Spent yesterday visiting an even more remote village (who knew they got more remote) while Lawrence, the director of Mumyo (NGO I will work with) spoke to the villagers about government, voting rights, etc… The elections are coming up so this is good work that he is doing. Such a wild, bizarre, incredible experience. The village is in the middle of a sugarcane/tea plantation, the homes are mud huts with a few brick and cement buildings for managers. When we arrived, a woman set up two small stools for us and the villagers began to gather round. It took 20 minutes or so for the word to get out…Lawrence took out a newspaper and read. I sat there and tried to smile while 50 or so people sat and stared at me. Some children began to cry when I waved and smiled at them. Apparently they were afraid because they have never seen someone like me before. Finally Lawrence gave his mini-workshop, then introduced me and had me say a few words. Wow…words just didn’t flow. I think I said ‘thank you, you have a wonderful village, I am here to learn about Ugandans’ and sat down.

After his speech, I felt bolder and asked if I could tour their village. They seemed very excited by that. One woman spoke English, she walked with me and acted as translator. I walked through their village, looked inside their one room homes, waved and smiled. I didn’t know what else to do. The children became bolder too, soon two little ones were holding my hands and the rest of them joined the tour. Some of them touched me like it was a dare, as if I might feel different. One little girl outlined the veins on the top of my hand with great concentration. I was quite moved. The tour wrapped up, I braved their toilet, then headed down the hill with Lawrence. I was walking away, feeling like Angelina Jolie, I turned to wave to the children with a kind, gentle smile on my face and fell right on my ass in the dirt. The kids loved it!!! Laughed hysterically. Took me a second but I laughed too, doesn’t the Universe have an awesome way of reminding us of who we are.
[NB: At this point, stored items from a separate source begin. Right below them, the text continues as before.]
text \<open>With \<open>N = (1+s)t(r - c) - r(r + c)\<close>, which lies in \<open>[-2, 1]\<close>, one has
  \<open>r - c - d/t = (1+s) N / (2(1+s)\<^sup>2 t (r + c) E)\<close> for \<open>d = 1/(2(1+s)\<^sup>2)\<close>.\<close>
lemma cubic_root_large_t:
  fixes r s t c :: real
  assumes s: "s > 0" and t: "t > 0" and r: "r > 0"
    and root: "r^2 * (r + (1 + s)*t) = r + s*t"
    and c: "c > 0" "c^2 = s / (1 + s)"
  shows "\<bar>r - (c + 1 / (2 * (1 + s)^2) * (1/t))\<bar> \<le> 1 / (c * (1 + s)^3) * (1/t)^2"
proof -
  note above = cubic_root_above_limit[OF assms]
  define E where "E = (1 + s) * (r + (1 + s)*t)"
  define d where "d = 1 / (2 * (1 + s)^2)"
  define N where "N = (1 + s)*t*(r - c) - r*(r + c)"
  define P where "P = 2 * (1 + s)^2 * t * (r + c) * E"
  have E_ge: "E \<ge> (1 + s)^2 * t" unfolding E_def using r s by (simp add: power2_eq_square algebra_simps)
  have P_ge: "P \<ge> 2 * (1 + s)^2 * t * c * ((1 + s)^2 * t)"
    unfolding P_def using above(2) c s t E_ge by (intro mult_mono) auto
  have P_pos: "P > 0" using P_ge s t c by (smt (verit) mult_pos_pos zero_less_power)
  have "P * (r - (c + d*(1/t))) = 2*(1 + s)^2*t*(E*(r^2 - c^2)) - (2*(1 + s)^2*d)*(r + c)*E"
    unfolding P_def using t by (simp add: algebra_simps power2_eq_square)
  also have "\<dots> = 2*(1 + s)^2*t*r - (r + c)*E"
    using above(1)[folded E_def] s unfolding d_def by simp
  also have "\<dots> = (1 + s) * N" unfolding N_def E_def by (simp add: algebra_simps power2_eq_square)
  finally have "r - (c + d*(1/t)) = (1 + s) * N / P" using P_pos by (simp add: field_simps)
  moreover have N_bound: "\<bar>N\<bar> \<le> 2"
  proof -
    have "(1 + s)*t*(r - c) \<le> (1 + s)*t*(1 / ((1 + s)^2 * t))"
      using above(3) s t by (intro mult_left_mono) auto
    also have "\<dots> \<le> 1" using s t by (simp add: power2_eq_square)
    finally have "(1 + s)*t*(r - c) \<le> 1" .
    moreover have "(1 + s)*t*(r - c) \<ge> 0" "r*(r + c) \<ge> 0" using s t above(2) r c by simp_all
    moreover have "r*(r + c) \<le> 1*2"
      using cubic_root_bounds[OF s t r root] above(2) c r by (intro mult_mono) auto
    ultimately show ?thesis unfolding N_def by linarith
  qed
  ultimately have "\<bar>r - (c + d*(1/t))\<bar> = (1 + s) * \<bar>N\<bar> / P"
    using P_pos s by (simp add: abs_mult)
  also have "\<dots> \<le> (1 + s) * 2 / (2 * (1 + s)^2 * t * c * ((1 + s)^2 * t))"
    using N_bound P_ge s t c by (intro frac_le mult_left_mono) auto
  also have "\<dots> = ((1 + s) * 2) / (((1 + s) * 2) * (c * (1 + s)^3 * t^2))"
    by (simp add: algebra_simps power2_eq_square power3_eq_cube)
  also have "\<dots> = 1 / (c * (1 + s)^3) * (1/t)^2"
    using s by (simp add: power_one_over)
  finally show ?thesis unfolding d_def .
qed

section \<open>First-order expansions at \<open>0\<^sup>+\<close>\<close>

definition taylor1 :: "(real \<Rightarrow> real) \<Rightarrow> real \<Rightarrow> real \<Rightarrow> bool" where
  "taylor1 f a b \<longleftrightarrow> (\<lambda>u. f u - (a + b*u)) \<in> O[at_right 0](\<lambda>u. u^2)"

lemma taylor1_by_bound:
  assumes "\<And>u. 0 < u \<Longrightarrow> \<bar>f u - (a + b*u)\<bar> \<le> K * u^2"
  shows "taylor1 f a b"
  unfolding taylor1_def
proof (rule bigoI[of _ K])
  show "\<forall>\<^sub>F u in at_right 0. norm (f u - (a + b*u)) \<le> K * norm ((u::real)^2)"
    using eventually_at_right_less[of "0::real"] by eventually_elim (use assms in auto)
qed

lemma taylor1_cong:
  assumes "taylor1 f a b" "\<And>u. 0 < u \<Longrightarrow> f u = g u"
  shows "taylor1 g a b"
proof -
  have "\<forall>\<^sub>F u in at_right 0. f u - (a + b*u) = g u - (a + b*u)"
    using eventually_at_right_less[of "0::real"] by eventually_elim (simp add: assms(2))
  then show ?thesis using assms(1) unfolding taylor1_def by (rule landau_o.big.in_cong[THEN iffD1])
qed

lemma taylor1_coeff_cong: "taylor1 f a b \<Longrightarrow> a = a' \<Longrightarrow> b = b' \<Longrightarrow> taylor1 f a' b'"
  by simp

lemma taylor1_const: "taylor1 (\<lambda>_. c) c 0"
  by (simp add: taylor1_def)

lemma taylor1_id: "taylor1 (\<lambda>u. u) 0 1"
  by (simp add: taylor1_def)

lemma taylor1_linear: "taylor1 (\<lambda>u. a + b*u) a b"
  by (simp add: taylor1_def)

lemma taylor1_add:
  assumes "taylor1 f a b" "taylor1 g c d"
  shows "taylor1 (\<lambda>u. f u + g u) (a + c) (b + d)"
proof -
  have "(\<lambda>u. (f u - (a + b*u)) + (g u - (c + d*u))) \<in> O[at_right 0](\<lambda>u. u^2)"
    using assms unfolding taylor1_def by (rule sum_in_bigo(1))
  then show ?thesis unfolding taylor1_def by (simp add: algebra_simps)
qed

lemma taylor1_bigo_1:
  assumes "taylor1 f a b"
  shows "f \<in> O[at_right 0](\<lambda>_. 1)"
proof -
  have "(\<lambda>u::real. u^2) \<in> O[at_right 0](\<lambda>_. 1)" by real_asymp
  with assms have "(\<lambda>u. f u - (a + b*u)) \<in> O[at_right 0](\<lambda>_. 1)"
    unfolding taylor1_def by (rule landau_o.big_trans)
  moreover have "(\<lambda>u::real. a + b*u) \<in> O[at_right 0](\<lambda>_. 1)" by real_asymp
  ultimately have "(\<lambda>u. (f u - (a + b*u)) + (a + b*u)) \<in> O[at_right 0](\<lambda>_. 1)"
    by (rule sum_in_bigo(1))
  then show ?thesis by simp
qed

lemma taylor1_mult:
  assumes "taylor1 f a b" "taylor1 g c d"
  shows "taylor1 (\<lambda>u. f u * g u) (a*c) (a*d + b*c)"
proof -
  have "(\<lambda>u. (f u - (a + b*u)) * g u) \<in> O[at_right 0](\<lambda>u. u^2)"
    using assms(1) taylor1_bigo_1[OF assms(2)] unfolding taylor1_def by (rule landau_o.big_1_mult)
  moreover have "(\<lambda>u. (g u - (c + d*u)) * (a + b*u)) \<in> O[at_right 0](\<lambda>u. u^2)"
    using assms(2) taylor1_bigo_1[OF taylor1_linear] unfolding taylor1_def by (rule landau_o.big_1_mult)
  moreover have "(\<lambda>u. b*d*u^2) \<in> O[at_right 0](\<lambda>u::real. u^2)"
    by (rule bigoI[of _ "\<bar>b*d\<bar>"]) (auto simp: abs_mult)
  ultimately have "(\<lambda>u. (f u - (a + b*u)) * g u + (g u - (c + d*u)) * (a + b*u) + b*d*u^2)
                    \<in> O[at_right 0](\<lambda>u. u^2)"
    by (intro sum_in_bigo)
  then show ?thesis unfolding taylor1_def by (simp add: algebra_simps power2_eq_square)
qed

lemma taylor1_diff:
  assumes "taylor1 f a b" "taylor1 g c d"
  shows "taylor1 (\<lambda>u. f u - g u) (a - c) (b - d)"
proof -
  have "(\<lambda>u. (f u - (a + b*u)) - (g u - (c + d*u))) \<in> O[at_right 0](\<lambda>u. u^2)"
    using assms unfolding taylor1_def by (rule sum_in_bigo(2))
  then show ?thesis unfolding taylor1_def by (simp add: algebra_simps)
qed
The conditions in the village were unreal. I’m trying to look at life here without the prejudices of my upbringing. It’s tough. The village was torn up, the children were very dirty, they all wore very old, tattered clothing. The people seemed half asleep, kind but hardly vibrant. These were not a hopeful people, it was not a hopeful way of life. Many people do nothing all day here. They do not have jobs, education is too expensive for many, life is bland. I came here wanting to believe that Ugandans were actually very happy people despite their circumstances. I have had many conversations already with Ugandans and that does not seem to be the majority experience.

I think I wanted to come here and find obvious answers to the myriad of problems facing people in Africa. The problems are so overwhelming to me at this point, that I find it difficult to see any solutions. These are early days and I imagine my perspective will change frequently but today I am greatly distressed by what I am seeing. I have found myself wondering why did I end up so lucky? Why do some people have such a tough lot in life? Questions like these have been swirling around my head for the past 2 days. I escaped to Setta today to reconnect with another world to keep my sanity. Questions that have no answers will drive me mad if I dwell in them.

My wise friend emailed me, wrote about paying attention. Perhaps if I pay attention, my work here will become clear to me. I will not be teaching at a school in Naggalama-there is no real school in Naggalama. I’m not sure what I will do. Pay attention I guess.